INSTRUCTIONS FOR THE TASK
Within the records, how many lines hold the word "intro"? State that number alone.

Extracted data entries:
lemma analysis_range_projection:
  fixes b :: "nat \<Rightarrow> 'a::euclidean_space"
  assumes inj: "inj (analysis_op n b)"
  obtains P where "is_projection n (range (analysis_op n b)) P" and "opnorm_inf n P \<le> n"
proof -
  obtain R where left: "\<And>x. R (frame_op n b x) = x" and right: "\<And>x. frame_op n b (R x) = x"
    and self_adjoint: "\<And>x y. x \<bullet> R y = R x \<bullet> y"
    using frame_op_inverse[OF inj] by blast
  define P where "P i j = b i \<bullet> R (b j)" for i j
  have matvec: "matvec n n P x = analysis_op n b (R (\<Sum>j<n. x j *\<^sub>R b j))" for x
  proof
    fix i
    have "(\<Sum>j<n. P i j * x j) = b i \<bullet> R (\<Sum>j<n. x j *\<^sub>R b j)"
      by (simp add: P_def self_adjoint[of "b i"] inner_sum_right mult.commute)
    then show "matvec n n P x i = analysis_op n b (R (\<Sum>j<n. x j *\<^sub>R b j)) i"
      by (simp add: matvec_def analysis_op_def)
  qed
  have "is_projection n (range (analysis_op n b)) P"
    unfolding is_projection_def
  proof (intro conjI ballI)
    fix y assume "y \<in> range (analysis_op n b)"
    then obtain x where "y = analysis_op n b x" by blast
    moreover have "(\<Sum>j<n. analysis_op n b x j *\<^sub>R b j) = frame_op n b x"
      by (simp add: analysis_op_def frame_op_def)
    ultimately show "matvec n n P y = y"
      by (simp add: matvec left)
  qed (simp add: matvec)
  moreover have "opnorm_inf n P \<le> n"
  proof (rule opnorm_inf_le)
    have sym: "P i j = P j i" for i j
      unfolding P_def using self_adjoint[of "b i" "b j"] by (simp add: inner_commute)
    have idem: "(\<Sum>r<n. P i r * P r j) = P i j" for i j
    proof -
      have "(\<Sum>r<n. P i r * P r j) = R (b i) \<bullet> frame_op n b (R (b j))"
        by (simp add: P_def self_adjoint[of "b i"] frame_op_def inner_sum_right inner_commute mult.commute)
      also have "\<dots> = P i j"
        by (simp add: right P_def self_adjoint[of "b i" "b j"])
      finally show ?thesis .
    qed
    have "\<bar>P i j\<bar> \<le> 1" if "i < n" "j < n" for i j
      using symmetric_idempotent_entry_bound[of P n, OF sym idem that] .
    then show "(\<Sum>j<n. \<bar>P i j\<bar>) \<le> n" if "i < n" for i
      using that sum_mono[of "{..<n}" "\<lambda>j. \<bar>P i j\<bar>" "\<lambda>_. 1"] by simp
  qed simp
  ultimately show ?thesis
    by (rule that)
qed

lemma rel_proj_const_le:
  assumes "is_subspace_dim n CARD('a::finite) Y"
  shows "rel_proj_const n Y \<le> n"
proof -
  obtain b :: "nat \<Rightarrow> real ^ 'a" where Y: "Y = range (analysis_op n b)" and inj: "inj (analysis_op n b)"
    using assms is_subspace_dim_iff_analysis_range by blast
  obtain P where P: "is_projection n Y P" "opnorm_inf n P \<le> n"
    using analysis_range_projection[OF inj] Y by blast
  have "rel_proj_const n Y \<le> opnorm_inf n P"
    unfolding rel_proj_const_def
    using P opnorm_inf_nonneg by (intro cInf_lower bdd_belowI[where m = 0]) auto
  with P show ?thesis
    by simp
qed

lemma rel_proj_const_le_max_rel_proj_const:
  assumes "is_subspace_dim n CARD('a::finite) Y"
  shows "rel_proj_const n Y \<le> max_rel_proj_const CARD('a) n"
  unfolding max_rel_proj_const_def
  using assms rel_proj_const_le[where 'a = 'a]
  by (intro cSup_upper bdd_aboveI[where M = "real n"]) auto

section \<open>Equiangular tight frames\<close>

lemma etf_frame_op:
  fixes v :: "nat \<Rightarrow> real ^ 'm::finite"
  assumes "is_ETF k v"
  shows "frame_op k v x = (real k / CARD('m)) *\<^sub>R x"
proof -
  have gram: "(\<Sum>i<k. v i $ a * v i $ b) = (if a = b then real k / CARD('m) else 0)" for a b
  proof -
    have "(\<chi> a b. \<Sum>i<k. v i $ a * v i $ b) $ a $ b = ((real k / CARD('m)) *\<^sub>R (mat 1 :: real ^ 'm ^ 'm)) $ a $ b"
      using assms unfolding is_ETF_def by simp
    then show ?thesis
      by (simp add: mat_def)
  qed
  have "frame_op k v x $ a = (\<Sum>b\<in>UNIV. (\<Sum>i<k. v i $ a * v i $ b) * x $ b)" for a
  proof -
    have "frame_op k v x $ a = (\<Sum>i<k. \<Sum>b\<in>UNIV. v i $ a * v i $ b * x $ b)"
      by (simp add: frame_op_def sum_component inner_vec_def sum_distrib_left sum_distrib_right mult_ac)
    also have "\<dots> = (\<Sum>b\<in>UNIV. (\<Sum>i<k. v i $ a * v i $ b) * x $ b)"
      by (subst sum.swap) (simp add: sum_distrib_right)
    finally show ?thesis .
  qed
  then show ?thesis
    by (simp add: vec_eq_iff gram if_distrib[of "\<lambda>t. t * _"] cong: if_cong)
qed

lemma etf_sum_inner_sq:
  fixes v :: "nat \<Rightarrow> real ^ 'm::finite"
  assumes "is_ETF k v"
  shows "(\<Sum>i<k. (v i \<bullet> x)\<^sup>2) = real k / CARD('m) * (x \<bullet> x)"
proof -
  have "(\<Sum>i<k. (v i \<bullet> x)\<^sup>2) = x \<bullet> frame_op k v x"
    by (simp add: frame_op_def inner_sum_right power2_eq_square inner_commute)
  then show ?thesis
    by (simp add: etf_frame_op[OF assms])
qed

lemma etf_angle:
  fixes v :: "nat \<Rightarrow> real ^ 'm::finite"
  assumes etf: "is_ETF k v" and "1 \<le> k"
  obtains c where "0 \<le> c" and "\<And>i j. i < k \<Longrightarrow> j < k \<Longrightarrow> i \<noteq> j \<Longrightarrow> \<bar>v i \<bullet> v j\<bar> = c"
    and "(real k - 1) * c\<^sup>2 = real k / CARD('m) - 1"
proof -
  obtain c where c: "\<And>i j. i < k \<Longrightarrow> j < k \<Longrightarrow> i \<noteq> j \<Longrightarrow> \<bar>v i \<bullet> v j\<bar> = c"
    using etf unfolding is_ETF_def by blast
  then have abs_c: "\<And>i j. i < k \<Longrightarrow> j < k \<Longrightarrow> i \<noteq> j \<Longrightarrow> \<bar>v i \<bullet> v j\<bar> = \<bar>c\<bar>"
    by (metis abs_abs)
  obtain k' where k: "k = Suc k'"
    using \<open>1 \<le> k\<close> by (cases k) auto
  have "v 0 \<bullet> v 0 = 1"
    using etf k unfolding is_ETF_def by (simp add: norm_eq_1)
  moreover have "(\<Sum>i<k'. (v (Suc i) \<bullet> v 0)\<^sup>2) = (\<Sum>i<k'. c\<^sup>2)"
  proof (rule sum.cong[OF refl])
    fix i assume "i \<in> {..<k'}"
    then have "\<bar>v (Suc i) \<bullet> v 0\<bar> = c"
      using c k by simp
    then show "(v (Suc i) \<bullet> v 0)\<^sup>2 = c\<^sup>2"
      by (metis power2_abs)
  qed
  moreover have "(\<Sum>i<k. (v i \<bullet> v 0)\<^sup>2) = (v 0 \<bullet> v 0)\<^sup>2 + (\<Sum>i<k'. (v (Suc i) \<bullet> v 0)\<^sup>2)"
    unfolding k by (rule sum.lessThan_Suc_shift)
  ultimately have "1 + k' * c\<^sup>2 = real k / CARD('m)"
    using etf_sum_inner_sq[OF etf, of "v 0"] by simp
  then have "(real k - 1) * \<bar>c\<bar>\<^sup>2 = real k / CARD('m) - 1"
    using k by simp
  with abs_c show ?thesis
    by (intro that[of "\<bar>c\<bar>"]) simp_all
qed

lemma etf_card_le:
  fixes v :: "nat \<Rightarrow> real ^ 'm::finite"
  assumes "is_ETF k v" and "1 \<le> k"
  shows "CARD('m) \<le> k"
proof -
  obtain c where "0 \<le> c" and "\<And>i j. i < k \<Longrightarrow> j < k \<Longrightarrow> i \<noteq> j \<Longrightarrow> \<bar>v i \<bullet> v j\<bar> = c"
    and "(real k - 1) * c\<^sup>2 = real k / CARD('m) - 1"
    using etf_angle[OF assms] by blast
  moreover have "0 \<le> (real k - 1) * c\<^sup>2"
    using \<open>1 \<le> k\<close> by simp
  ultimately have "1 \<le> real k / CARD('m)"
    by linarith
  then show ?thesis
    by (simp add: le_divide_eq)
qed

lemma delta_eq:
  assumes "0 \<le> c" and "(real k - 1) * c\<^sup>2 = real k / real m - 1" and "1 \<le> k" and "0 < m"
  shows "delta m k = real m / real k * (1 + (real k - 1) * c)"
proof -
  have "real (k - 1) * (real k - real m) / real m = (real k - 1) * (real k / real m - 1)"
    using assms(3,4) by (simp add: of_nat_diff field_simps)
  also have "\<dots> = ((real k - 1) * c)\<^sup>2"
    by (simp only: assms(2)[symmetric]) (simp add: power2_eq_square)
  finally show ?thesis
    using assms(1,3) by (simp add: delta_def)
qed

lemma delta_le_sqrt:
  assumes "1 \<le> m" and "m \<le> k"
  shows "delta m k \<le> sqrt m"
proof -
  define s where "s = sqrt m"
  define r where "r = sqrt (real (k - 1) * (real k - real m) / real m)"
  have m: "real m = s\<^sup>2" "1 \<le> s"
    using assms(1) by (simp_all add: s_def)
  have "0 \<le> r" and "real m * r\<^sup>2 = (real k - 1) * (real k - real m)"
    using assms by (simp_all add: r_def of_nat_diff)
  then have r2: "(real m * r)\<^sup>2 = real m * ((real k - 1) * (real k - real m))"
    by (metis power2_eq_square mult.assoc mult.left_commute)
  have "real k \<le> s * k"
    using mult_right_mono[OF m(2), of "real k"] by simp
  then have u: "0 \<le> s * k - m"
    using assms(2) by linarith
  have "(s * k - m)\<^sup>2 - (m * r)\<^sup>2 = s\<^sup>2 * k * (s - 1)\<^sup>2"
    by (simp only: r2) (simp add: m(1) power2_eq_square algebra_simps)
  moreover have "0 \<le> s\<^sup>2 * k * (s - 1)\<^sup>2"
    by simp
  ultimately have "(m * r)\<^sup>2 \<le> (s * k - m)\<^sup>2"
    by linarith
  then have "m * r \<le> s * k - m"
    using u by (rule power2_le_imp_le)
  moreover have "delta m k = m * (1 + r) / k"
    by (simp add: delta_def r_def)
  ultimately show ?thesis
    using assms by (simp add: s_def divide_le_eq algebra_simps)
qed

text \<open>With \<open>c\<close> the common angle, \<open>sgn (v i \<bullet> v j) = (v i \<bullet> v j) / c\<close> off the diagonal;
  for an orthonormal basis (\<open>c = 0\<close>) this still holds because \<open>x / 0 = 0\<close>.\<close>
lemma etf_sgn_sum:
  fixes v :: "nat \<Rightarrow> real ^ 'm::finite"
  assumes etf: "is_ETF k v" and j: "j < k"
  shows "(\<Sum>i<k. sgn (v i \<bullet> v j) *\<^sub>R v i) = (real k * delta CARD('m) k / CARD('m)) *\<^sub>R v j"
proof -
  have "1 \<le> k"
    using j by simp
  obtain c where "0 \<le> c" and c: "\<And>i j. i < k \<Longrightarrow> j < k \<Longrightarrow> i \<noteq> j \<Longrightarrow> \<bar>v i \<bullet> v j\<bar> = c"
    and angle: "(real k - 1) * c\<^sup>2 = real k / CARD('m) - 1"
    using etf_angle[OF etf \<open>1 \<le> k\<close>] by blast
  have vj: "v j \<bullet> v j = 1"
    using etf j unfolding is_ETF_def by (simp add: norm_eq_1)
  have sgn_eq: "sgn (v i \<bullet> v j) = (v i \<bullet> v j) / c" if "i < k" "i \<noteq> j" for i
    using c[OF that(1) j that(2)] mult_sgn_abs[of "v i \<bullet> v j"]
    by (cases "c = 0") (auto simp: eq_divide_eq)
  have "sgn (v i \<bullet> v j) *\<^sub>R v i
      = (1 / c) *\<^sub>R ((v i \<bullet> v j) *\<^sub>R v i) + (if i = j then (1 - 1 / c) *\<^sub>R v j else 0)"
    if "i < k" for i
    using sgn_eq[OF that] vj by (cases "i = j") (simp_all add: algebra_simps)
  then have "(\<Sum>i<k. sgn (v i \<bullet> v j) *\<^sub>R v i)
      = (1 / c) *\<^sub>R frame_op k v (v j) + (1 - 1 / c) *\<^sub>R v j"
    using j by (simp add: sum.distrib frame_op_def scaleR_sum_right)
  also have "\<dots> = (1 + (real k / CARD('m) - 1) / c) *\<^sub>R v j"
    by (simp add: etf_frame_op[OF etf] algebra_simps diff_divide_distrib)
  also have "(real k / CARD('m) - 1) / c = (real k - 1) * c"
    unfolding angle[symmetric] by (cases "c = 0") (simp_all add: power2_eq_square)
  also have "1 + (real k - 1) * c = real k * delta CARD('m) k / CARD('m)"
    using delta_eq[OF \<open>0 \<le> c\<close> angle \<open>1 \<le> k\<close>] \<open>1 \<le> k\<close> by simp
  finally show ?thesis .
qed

SOLUTION FOR THIS EXERCISE
4